Virginian / Drottningholm

Victorian's sister, Virginian was built by Alex Stephen & Sons of Glasgow. Launched in 1904, she made her maiden voyage on 6 April 1905, from Liverpool to St. John, New Brunswick. Although she, like Victorian, initially suffered vibration problems, Virginian was fast enough to set both east- and westbound Canadian speed records in 1906.

After Empress of Ireland was wrecked, Canadian Pacific chartered Virginian to take her place on the Montreal-Liverpool service. She made only a few such voyages, however, before war broke out. Virginian was then taken over for government service -- first as a troop carrier, then as an armed merchant cruiser. She was still in government service in 1917, when Canadian Pacific concluded its acquisition of the Allan Line.

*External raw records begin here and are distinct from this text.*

lemma eigenvalue_product_bound:
  fixes lam :: real
  assumes C0: "C0 \<in> classes" and Q: "Q \<in> C0"
    and eigen: "cmul ns (A C0) Q = csc (of_real lam) Q"
  defines "\<mu> \<equiv> 1 / real d + lam"
  shows "\<mu> * (1 - \<mu>) \<le> (real k - 1) * (\<Sum>C\<in>classes - {C0}. (cnorm2 ns (A C))\<^sup>2)"
proof -
  define Y where "Y = csum (classes - {C0}) (\<lambda>C. cmul ns (A C) Q)"
  have Y: "Y = csub (cmul ns P Q) (csc (of_real \<mu>) Q)"
    unfolding Y_def \<mu>_def by (rule csum_off_class_components_mul[OF C0 Q eigen])
  have "ctau ns Y = 0"
    unfolding Y_def ctau_csum using ctau_component_mul_other[OF _ C0 _ Q] by simp
  then have ctau_PQ: "ctau ns (cmul ns P Q) = of_real \<mu> / of_nat d"
    unfolding Y ctau_csub ctau_csc ctau_class_elem[OF C0 Q] by simp
  have "of_real ((cnorm2 ns Y)\<^sup>2) = (of_real (\<mu> * (1 - \<mu>) / real d) :: complex)"
    unfolding tau_inner_self[OF blocks, symmetric] Y
      tau_inner_proj_mul_proj_sub[OF P_proj is_proj_class_elem[OF C0 Q]]
      ctau_PQ ctau_class_elem[OF C0 Q]
    by (simp add: power2_eq_square diff_divide_distrib add_divide_distrib algebra_simps)
  then have "\<mu> * (1 - \<mu>) / real d = (cnorm2 ns Y)\<^sup>2"
    by (simp only: of_real_eq_iff)
  also have "\<dots> \<le> real (card (classes - {C0})) * (\<Sum>C\<in>classes - {C0}. (cnorm2 ns (cmul ns (A C) Q))\<^sup>2)"
    unfolding Y_def using finite_classes by (intro cnorm2_csum_sq_le[OF blocks]) simp
  also have "\<dots> = (real k - 1) * (\<Sum>C\<in>classes - {C0}. (cnorm2 ns (A C))\<^sup>2) / real d"
    using card_classes finite_classes C0 two_le_k cnorm2_component_mul_other[OF _ C0 _ Q]
    by (simp add: of_nat_diff flip: sum_divide_distrib)
  finally show ?thesis
    using d_pos by (simp add: divide_right_mono_neg divide_le_cancel)
qed

lemma eigenvalue_quadratic:
  fixes lam :: real
  assumes C0: "C0 \<in> classes" and Q: "Q \<in> C0"
    and eigen: "cmul ns (A C0) Q = csc (of_real lam) Q"
    and large: "1 / real k \<le> (real d / sqrt (real d - 1) * cnorm2 ns (A C0))\<^sup>2"
  shows "0 \<le> lam\<^sup>2 - (real d - 2) / real d * lam + (real d - 1) / (real d)\<^sup>2 * (real k - 3 + 1 / real k)"
proof -
  define \<mu> where "\<mu> = 1 / real d + lam"
  define s where "s = (cnorm2 ns (A C0))\<^sup>2"
  have k: "2 \<le> real k"
    using two_le_k by simp
  have "d \<noteq> 1"
    using large k by (auto simp: power_mult_distrib)
  then have d: "1 < real d"
    using d_pos by linarith
  have "1 / real k \<le> (real d)\<^sup>2 / (real d - 1) * s"
    using large d unfolding s_def by (simp add: power_mult_distrib power_divide)
  then have s_ge: "(real d - 1) / ((real d)\<^sup>2 * real k) \<le> s"
    using d k by (simp add: field_simps)
  have "(\<Sum>C\<in>classes - {C0}. (cnorm2 ns (A C))\<^sup>2) = (real d - 1) / (real d)\<^sup>2 - s"
    using sum_cnorm2_components finite_classes C0 unfolding s_def by (simp add: sum.remove)
  then have "\<mu> * (1 - \<mu>) \<le> (real k - 1) * ((real d - 1) / (real d)\<^sup>2 - s)"
    using eigenvalue_product_bound[OF C0 Q eigen] unfolding \<mu>_def by simp
  also have "\<dots> \<le> (real k - 1) * ((real d - 1) / (real d)\<^sup>2 - (real d - 1) / ((real d)\<^sup>2 * real k))"
    using s_ge k by (intro mult_left_mono) auto
  also have "\<dots> = (real d - 1) * (real k - 1)\<^sup>2 / ((real d)\<^sup>2 * real k)"
    using d k by (simp add: field_simps power2_eq_square)
  finally have "\<mu> * (1 - \<mu>) \<le> (real d - 1) * (real k - 1)\<^sup>2 / ((real d)\<^sup>2 * real k)" .
  moreover have "\<mu> * (1 - \<mu>) = (real d - 1) * (real k - 1)\<^sup>2 / ((real d)\<^sup>2 * real k) -
      (lam\<^sup>2 - (real d - 2) / real d * lam + (real d - 1) / (real d)\<^sup>2 * (real k - 3 + 1 / real k))"
    using d k unfolding \<mu>_def by (simp add: field_simps power2_eq_square)
  ultimately show ?thesis
    by simp
qed

lemma eigenvalue_outside_roots:
  fixes lam :: real
  assumes C0: "C0 \<in> classes" and Q: "Q \<in> C0"
    and eigen: "cmul ns (A C0) Q = csc (of_real lam) Q"
    and large: "1 / real k \<le> (real d / sqrt (real d - 1) * cnorm2 ns (A C0))\<^sup>2"
  shows "lam \<le> 1 / (2 * real d) * (real d - 2 - sqrt ((real d - 2)\<^sup>2 - 4 * (real d - 1) * (real k - 3 + 1 / real k)))
    \<or> 1 / (2 * real d) * (real d - 2 + sqrt ((real d - 2)\<^sup>2 - 4 * (real d - 1) * (real k - 3 + 1 / real k))) \<le> lam"
proof -
  have "0 \<le> lam\<^sup>2 - (real d - 2) / real d * lam + (real d - 1) * (real k - 3 + 1 / real k) / (real d)\<^sup>2"
    using eigenvalue_quadratic[OF assms] by simp
  from quadratic_nonneg_outside_roots[OF _ this] d_pos show ?thesis
    by (simp only: mult.assoc of_nat_0_less_iff)
qed

end

theorem mainTheorem5:
  fixes ns :: "nat list" and k d :: nat and N :: "cel set" and P :: cel
    and A :: "cel set \<Rightarrow> cel" and C0 :: "cel set" and c :: "cel \<Rightarrow> real"
  assumes blocks: "valid_blocks ns"
    and net: "is_net ns k N" and ord: "net_order ns N d"
    and k2: "2 \<le> k" and ksqrt: "real k \<le> sqrt (real d)"
    and Pproj: "is_proj ns P" and Pspan: "P \<in> cspan N"
    and Ptau: "ctau ns P = 1 / of_nat d"
    and Aspan: "\<forall>C\<in>N // par_rel ns N. A C \<in> cspan C \<and> ctau ns (A C) = 0"
    and Adec: "csub P (csc (1 / of_nat d) (cone ns)) = csum (N // par_rel ns N) A"
    and C0: "C0 \<in> N // par_rel ns N"
    and tr: "(real d / sqrt (real d - 1) * cnorm2 ns (A C0))^2 \<ge> 1 / real k"
    and Ar: "A C0 = csum C0 (\<lambda>Q. csc (complex_of_real (c Q)) Q)"
  shows "\<forall>Q\<in>C0.
     (c Q)^2 - (real d - 2) / real d * c Q
        + (real d - 1) / (real d)^2 * (real k - 3 + 1 / real k) \<ge> 0 \<and>
     (c Q \<le> 1 / (2 * real d) * (real d - 2 - sqrt ((real d - 2)^2 - 4 * (real d - 1) * (real k - 3 + 1 / real k)))
      \<or> c Q \<ge> 1 / (2 * real d) * (real d - 2 + sqrt ((real d - 2)^2 - 4 * (real d - 1) * (real k - 3 + 1 / real k))))"
\<comment> \<open>Pspan follows from Adec, and ksqrt only makes the two roots real.\<close>
proof -
  interpret net_decomposition ns k d N P A
    using blocks net ord k2 Pproj Ptau Aspan Adec by unfold_locales
  have "cmul ns (A C0) Q = csc (of_real (c Q)) Q" if "Q \<in> C0" for Q
    using cmul_class_comb_elem[OF C0 that] Ar unfolding class_comb_def by simp
  then show ?thesis
    using eigenvalue_quadratic[OF C0 _ _ tr] eigenvalue_outside_roots[OF C0 _ _ tr] by blast
qed

end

Virginian never sailed for CP after the war ended, however. Instead, she was declared surplus, and was sold to the Swedish American Line. Renamed Drottningholm, she entered service from Gothenburg to New York in May 1920.

In 1923, the ship was given new engines and reconfigured to cabin/third class. She later became one of the few ships to serve during both World Wars when she became a Red Cross exchange vessel in 1940. At the war's end, she returned to Swedish American's service, but in 1948 she was sold to the Home Lines of Panama. Renamed Brasil, she entered service between Rio de Janeiro and Genoa in 1948. In 1950, she also made 4 1/2 Naples-New York roundtrips, to accommodate Holy Year pilgrims, and one New York to Bremen trip.

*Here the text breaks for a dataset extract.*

(* Let $n\ge3$, $R>0$, $\Omega=B_R\subset\mathbb{R}^n$ the ball centred at $0$. Let $\phi,\psi\in C^2([0,\infty))$ with $\phi>0$ on $[0,\infty)$ and $\psi(s)=s\beta(s)$ for some $\beta\in C^2([0,\infty))$, $\beta>0$. Let $s_0,b,L>0$ and define $G(s)=\int_{s_0}^s\int_{s_0}^\sigma\frac{\phi(\tau)}{\psi(\tau)}\,d\tau\,d\sigma$ ($s>0$), $H(s)=\int_0^s\frac{\sigma\phi(\sigma)}{\psi(\sigma)}\,d\sigma$ ($s\ge0$). Assume $H(s)\le\gamma G(s)+b(s+1)$ for all $s>0$ with some $\gamma\in(0,\frac{n-2}{n})$, and $\frac{s^2}{\psi(s)}\le L(G(s)+s+1)$ for all $s>0$. Fix $m>0$, $M>0$, $B>0$, $\kappa>n-2$, and let $\mathcal{S}$ be the set of all $(u,v)\in C^1(\bar\Omega)\times C^2(\bar\Omega)$ such that $u,v$ are positive and radially symmetric, $\frac{\partial v}{\partial\nu}=0$ on $\partial\Omega$, $\int_\Omega u=m$, $\int_\Omega v\le M$, and $v(x)\le B|x|^{-\kappa}$ for all $x\in\Omega$. Then there exist $\mu=\mu(\gamma)\in(0,2)$ and $C(m)>0$ such that for all $r_0\in(0,R)$ and all $(u,v)\in\mathcal{S}$, $$\int_{B_{r_0}}|\nabla v|^2\le\mu\int_\Omega G(u)+C(m)\Big\{r_0\|\Delta v-v+u\|_{L^2(\Omega)}^2+r_0\Big\|\frac{\phi(u)}{\sqrt{\psi(u)}}\nabla u-\sqrt{\psi(u)}\nabla v\Big\|_{L^2(\Omega)}^2+\|v\|_{L^2(\Omega)}^2+1\Big\}.$$
   Context: $B_{r_0}$ denotes the ball of radius $r_0$ centred at $0$. *)

theory Defs
  imports "HOL-Analysis.Analysis"
begin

After a 1951 refitting to a first class/tourist arrangement, she was renamed Homeland, and entered Hamburg-Southampton-Halifax-New York service under Hamburg American management. In 1952, she returned to New York-Mediterranean service for Mediterranean Lines, a Home Lines subsidiary. She went to the breakers in 1955, a few days short of the fiftieth anniversary of her maiden voyage.